Information:
(* Let $f_0\colon X\hookrightarrow Y_0$ and $f_1\colon X\hookrightarrow Y_1$ be embeddings in $\mathbf{MetCH_{sep}}$ and let $\lambda_0\colon Y_0\to P$, $\lambda_1\colon Y_1\to P$ (with $\lambda_0\circ f_0=\lambda_1\circ f_1$) be their pushout in $\mathbf{MetCH_{sep}}$. Then for all $i,j\in\{0,1\}$, $u\in Y_i$, $v\in Y_j$: $$d_P(\lambda_i(u),\lambda_j(v))=\begin{cases} d_{Y_i}(u,v) & \text{if } i=j,\\ \inf_{x\in X}\big(d_{Y_i}(u,f_i(x))+d_{Y_j}(f_j(x),v)\big) & \text{if } i\neq j.\end{cases}$$
   Context: A metric on a set $X$ is a map $d\colon X\times X\to[0,\infty]$ with $d(x,x)=0$ and $d(x,z)\le d(x,y)+d(y,z)$ (not necessarily symmetric, $\infty$ allowed); separated means $d(x,y)=0=d(y,x)$ implies $x=y$. A separated metric compact Hausdorff space is a compact Hausdorff space with a separated metric $d\colon X\times X\to[0,\infty]$ continuous with respect to the upper topology on $[0,\infty]$ (open sets $]u,\infty]$, plus $\emptyset$ and $[0,\infty]$). $\mathbf{MetCH_{sep}}$: these spaces with continuous non-expansive maps as morphisms. An embedding is an injective morphism $f$ with $d_X(x,y)=d_Y(f(x),f(y))$ for all $x,y$. *)

theory Defs
  imports "HOL-Analysis.Analysis" "HOL-Library.Extended_Nonnegative_Real"
begin

text \<open>A (generalised, possibly asymmetric, possibly infinite) metric space structure on the
  carrier of a topology: the space is the pair (T, d) with carrier topspace T and
  d valued in [0,\<infinity>] (ennreal).  Continuity of d w.r.t. the upper topology on [0,\<infinity>]
  means the preimage of every ]u,\<infinity>] is open in the product topology.\<close>

definition metCH_sep :: "'a topology \<Rightarrow> ('a \<Rightarrow> 'a \<Rightarrow> ennreal) \<Rightarrow> bool" where
  "metCH_sep T d \<longleftrightarrow>
     compact_space T \<and> Hausdorff_space T \<and>
     (\<forall>x\<in>topspace T. d x x = 0) \<and>
     (\<forall>x\<in>topspace T. \<forall>y\<in>topspace T. \<forall>z\<in>topspace T. d x z \<le> d x y + d y z) \<and>
     (\<forall>x\<in>topspace T. \<forall>y\<in>topspace T. d x y = 0 \<and> d y x = 0 \<longrightarrow> x = y) \<and>
     (\<forall>u::ennreal. openin (prod_topology T T)
         {p \<in> topspace T \<times> topspace T. u < d (fst p) (snd p)})"

definition metCH_mor :: "'a topology \<Rightarrow> ('a \<Rightarrow> 'a \<Rightarrow> ennreal) \<Rightarrow>
    'b topology \<Rightarrow> ('b \<Rightarrow> 'b \<Rightarrow> ennreal) \<Rightarrow> ('a \<Rightarrow> 'b) \<Rightarrow> bool" where
  "metCH_mor T d T' d' f \<longleftrightarrow>
     continuous_map T T' f \<and>
     (\<forall>x\<in>topspace T. \<forall>y\<in>topspace T. d' (f x) (f y) \<le> d x y)"

definition metCH_emb :: "'a topology \<Rightarrow> ('a \<Rightarrow> 'a \<Rightarrow> ennreal) \<Rightarrow>
    'b topology \<Rightarrow> ('b \<Rightarrow> 'b \<Rightarrow> ennreal) \<Rightarrow> ('a \<Rightarrow> 'b) \<Rightarrow> bool" where
  "metCH_emb T d T' d' f \<longleftrightarrow>
     metCH_mor T d T' d' f \<and> inj_on f (topspace T) \<and>
     (\<forall>x\<in>topspace T. \<forall>y\<in>topspace T. d' (f x) (f y) = d x y)"

text \<open>The universal property is stated for all test
  objects whose carrier lives in the type 'z (given as a TYPE argument); maps are
  identified when they agree on the carrier.\<close>
definition metCH_pushout ::
  "'z itself \<Rightarrow>
   'x topology \<Rightarrow> ('x \<Rightarrow> 'x \<Rightarrow> ennreal) \<Rightarrow>
   'a topology \<Rightarrow> ('a \<Rightarrow> 'a \<Rightarrow> ennreal) \<Rightarrow>
   'b topology \<Rightarrow> ('b \<Rightarrow> 'b \<Rightarrow> ennreal) \<Rightarrow>
   ('x \<Rightarrow> 'a) \<Rightarrow> ('x \<Rightarrow> 'b) \<Rightarrow>
   'p topology \<Rightarrow> ('p \<Rightarrow> 'p \<Rightarrow> ennreal) \<Rightarrow>
   ('a \<Rightarrow> 'p) \<Rightarrow> ('b \<Rightarrow> 'p) \<Rightarrow> bool" where
  "metCH_pushout _ X dX Y0 d0 Y1 d1 f0 f1 P dP l0 l1 \<longleftrightarrow>
     metCH_sep P dP \<and> metCH_mor Y0 d0 P dP l0 \<and> metCH_mor Y1 d1 P dP l1 \<and>
     (\<forall>x\<in>topspace X. l0 (f0 x) = l1 (f1 x)) \<and>
     (\<forall>(Z::'z topology) dZ g0 g1.
        metCH_sep Z dZ \<and> metCH_mor Y0 d0 Z dZ g0 \<and> metCH_mor Y1 d1 Z dZ g1 \<and>
        (\<forall>x\<in>topspace X. g0 (f0 x) = g1 (f1 x)) \<longrightarrow>
          (\<exists>h. metCH_mor P dP Z dZ h \<and>
               (\<forall>y\<in>topspace Y0. h (l0 y) = g0 y) \<and>
               (\<forall>y\<in>topspace Y1. h (l1 y) = g1 y)) \<and>
          (\<forall>h h'. metCH_mor P dP Z dZ h \<and>
               (\<forall>y\<in>topspace Y0. h (l0 y) = g0 y) \<and>
               (\<forall>y\<in>topspace Y1. h (l1 y) = g1 y) \<and>
               metCH_mor P dP Z dZ h' \<and>
               (\<forall>y\<in>topspace Y0. h' (l0 y) = g0 y) \<and>
               (\<forall>y\<in>topspace Y1. h' (l1 y) = g1 y) \<longrightarrow>
               (\<forall>p\<in>topspace P. h p = h' p)))"

end

theory Submission
  imports Defs
begin

text \<open>
  The pushout is computed by exhibiting it: glue \<open>Y\<^sub>0\<close> and \<open>Y\<^sub>1\<close> along \<open>f\<^sub>0 x \<sim> f\<^sub>1 x\<close>
  and measure a crossing pair by the cheapest detour through \<open>X\<close>,
  \<open>d(u, v) = inf\<^sub>x d\<^sub>0(u, f\<^sub>0 x) + d\<^sub>1(f\<^sub>1 x, v)\<close>.
  Compactness of \<open>X\<close> makes this infimum attained and lower semicontinuous (the projection
  along a compact factor is a closed map), which gives separation and continuity of the
  metric; the gluing maps are closed, which makes the glued space compact Hausdorff.
  The universal property then yields a non-expansive map from \<open>P\<close> to this space, bounding
  \<open>d\<^sub>P\<close> from below, while non-expansiveness of \<open>\<lambda>\<^sub>0\<close>, \<open>\<lambda>\<^sub>1\<close> and the triangle
  inequality in \<open>P\<close> bound it from above.
\<close>

section \<open>Lower semicontinuous functions into [0,\<infinity>]\<close>

lemma ennreal_add_INF: "k + (INF x\<in>A. f x) = (INF x\<in>A. k + f x :: ennreal)"
proof (cases "A = {}")
  case False
  have "(\<lambda>y. k + y) (Inf (f ` A)) = Inf ((\<lambda>y. k + y) ` f ` A)"
    by (rule continuous_at_Inf_mono) (auto simp: mono_def add_left_mono False intro: continuous_intros)
  then show ?thesis by (simp add: image_comp)
qed simp

lemma ennreal_INF_add: "(INF x\<in>A. f x) + k = (INF x\<in>A. f x + k :: ennreal)"
  using ennreal_add_INF[of k f A] by (simp add: add.commute)

text \<open>The first two disjuncts cover \<open>a = 0\<close> and \<open>b = 0\<close>, where no \<open>r < a\<close> resp. \<open>s < b\<close> exists.\<close>

lemma ennreal_less_add_cases:
  fixes t a b :: ennreal
  assumes "t < a + b"
  shows "t < a \<or> t < b \<or> (\<exists>r<a. \<exists>s<b. t < r + s)"
proof (rule ccontr)
  assume contra: "\<not> ?thesis"
  then have le: "a \<le> t" "b \<le> t" by auto
  moreover have "t < top" using assms top.not_eq_extremum by fastforce
  ultimately have fin: "a < top" "b < top" by auto
  have "t - a < b" using assms fin le by (simp add: minus_less_iff_ennreal add.commute)
  then obtain s where s: "t - a < s" "s < b" using dense by blast
  then have "t - s < a" using fin le by (simp add: minus_less_iff_ennreal add.commute)
  then obtain r where "t - s < r" "r < a" using dense by blast
  then have "t < r + s" using s fin le by (simp add: minus_less_iff_ennreal)
  then show False using contra \<open>r < a\<close> \<open>s < b\<close> by blast
qed

text \<open>Continuity into [0,\<infinity>] carrying the upper topology.\<close>

definition lower_semicontinuous_map :: "'a topology \<Rightarrow> ('a \<Rightarrow> ennreal) \<Rightarrow> bool" where
  "lower_semicontinuous_map W \<phi> \<longleftrightarrow> (\<forall>t. openin W {w \<in> topspace W. t < \<phi> w})"

lemma lower_semicontinuous_map_add:
  assumes \<phi>: "lower_semicontinuous_map W \<phi>" and \<psi>: "lower_semicontinuous_map W \<psi>"
  shows "lower_semicontinuous_map W (\<lambda>w. \<phi> w + \<psi> w)"
  unfolding lower_semicontinuous_map_def
proof (intro allI iffD2[OF openin_subopen] ballI)
  fix t w assume w: "w \<in> {w \<in> topspace W. t < \<phi> w + \<psi> w}"
  let ?U = "\<lambda>r \<phi>. {w \<in> topspace W. r < \<phi> w}"
  have open_U: "openin W (?U r \<phi>)" "openin W (?U r \<psi>)" for r
    using \<phi> \<psi> by (simp_all add: lower_semicontinuous_map_def)
  from w consider "t < \<phi> w" | "t < \<psi> w" | r s where "r < \<phi> w" "s < \<psi> w" "t < r + s"
    using ennreal_less_add_cases by blast
  then show "\<exists>T. openin W T \<and> w \<in> T \<and> T \<subseteq> {w \<in> topspace W. t < \<phi> w + \<psi> w}"
  proof cases
    case 1
    with w open_U show ?thesis by (intro exI[of _ "?U t \<phi>"]) (auto intro: less_le_trans add_increasing2)
  next
    case 2
    with w open_U show ?thesis by (intro exI[of _ "?U t \<psi>"]) (auto intro: less_le_trans add_increasing)
  next
    case 3
    with w open_U show ?thesis
      by (intro exI[of _ "?U r \<phi> \<inter> ?U s \<psi>"]) (auto intro: less_le_trans[OF _ add_mono] less_imp_le)
  qed
qed

lemma lower_semicontinuous_map_compose:
  assumes "continuous_map W Y h" "lower_semicontinuous_map Y \<phi>"
  shows "lower_semicontinuous_map W (\<lambda>w. \<phi> (h w))"
proof -
  have "{w \<in> topspace W. t < \<phi> (h w)} = {w \<in> topspace W. h w \<in> {y \<in> topspace Y. t < \<phi> y}}" for t
    using continuous_map_image_subset_topspace[OF assms(1)] by auto
  then show ?thesis
    using assms openin_continuous_map_preimage by (fastforce simp: lower_semicontinuous_map_def)
qed

lemma lower_semicontinuous_map_iff_closedin_sublevel:
  "lower_semicontinuous_map W \<phi> \<longleftrightarrow> (\<forall>t. closedin W {w \<in> topspace W. \<phi> w \<le> t})"
proof -
  have "topspace W - {w \<in> topspace W. \<phi> w \<le> t} = {w \<in> topspace W. t < \<phi> w}" for t
    by auto
  then show ?thesis by (simp add: closedin_def lower_semicontinuous_map_def)
qed

lemma lower_semicontinuous_map_attains_INF:
  assumes "compact_space W" "topspace W \<noteq> {}" "lower_semicontinuous_map W \<phi>"
  obtains w where "w \<in> topspace W" "\<phi> w = (INF w\<in>topspace W. \<phi> w)"
proof -
  let ?m = "INF w\<in>topspace W. \<phi> w"
  let ?U = "\<lambda>t. {w \<in> topspace W. t < \<phi> w}"
  have "\<exists>w\<in>topspace W. \<phi> w \<le> ?m"
  proof (rule ccontr)
    assume contra: "\<not> ?thesis"
    have "topspace W \<subseteq> \<Union>(?U ` {t. ?m < t})"
    proof
      fix w assume w: "w \<in> topspace W"
      with contra have "?m < \<phi> w" by (simp add: not_le)
      then obtain t where "?m < t" "t < \<phi> w" using dense by blast
      with w show "w \<in> \<Union>(?U ` {t. ?m < t})" by blast
    qed
    moreover have "\<forall>U\<in>?U ` {t. ?m < t}. openin W U"
      using assms(3) by (simp add: lower_semicontinuous_map_def)
    ultimately obtain \<F> where \<F>: "finite \<F>" "\<F> \<subseteq> ?U ` {t. ?m < t}" "topspace W \<subseteq> \<Union>\<F>"
      using compact_space_alt[THEN iffD1, OF assms(1), rule_format, of "?U ` {t. ?m < t}"] by auto
    obtain F where F: "finite F" "F \<subseteq> {t. ?m < t}" "topspace W \<subseteq> \<Union>(?U ` F)"
      using finite_subset_image[OF \<F>(1,2)] \<F>(3) by auto
    then have "F \<noteq> {}" using assms(2) by auto
    have "Min F \<le> \<phi> w" if w: "w \<in> topspace W" for w
    proof -
      obtain t where "t \<in> F" "t < \<phi> w" using F(3) w by blast
      then show ?thesis using F(1) by (meson Min_le less_imp_le order.trans)
    qed
    then have "Min F \<le> ?m" by (rule INF_greatest)
    moreover have "?m < Min F" using F \<open>F \<noteq> {}\<close> by auto
    ultimately show False by simp
  qed
  then obtain w where "w \<in> topspace W" "\<phi> w \<le> ?m" by blast
  moreover from this have "?m \<le> \<phi> w" by (simp add: INF_lower)
  ultimately show ?thesis using that antisym by blast
qed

Problem to work on: Search the data for the word "property" and copy each line where it appears.

Response:
text \<open>The universal property is stated for all test
  The universal property then yields a non-expansive map from \<open>P\<close> to this space, bounding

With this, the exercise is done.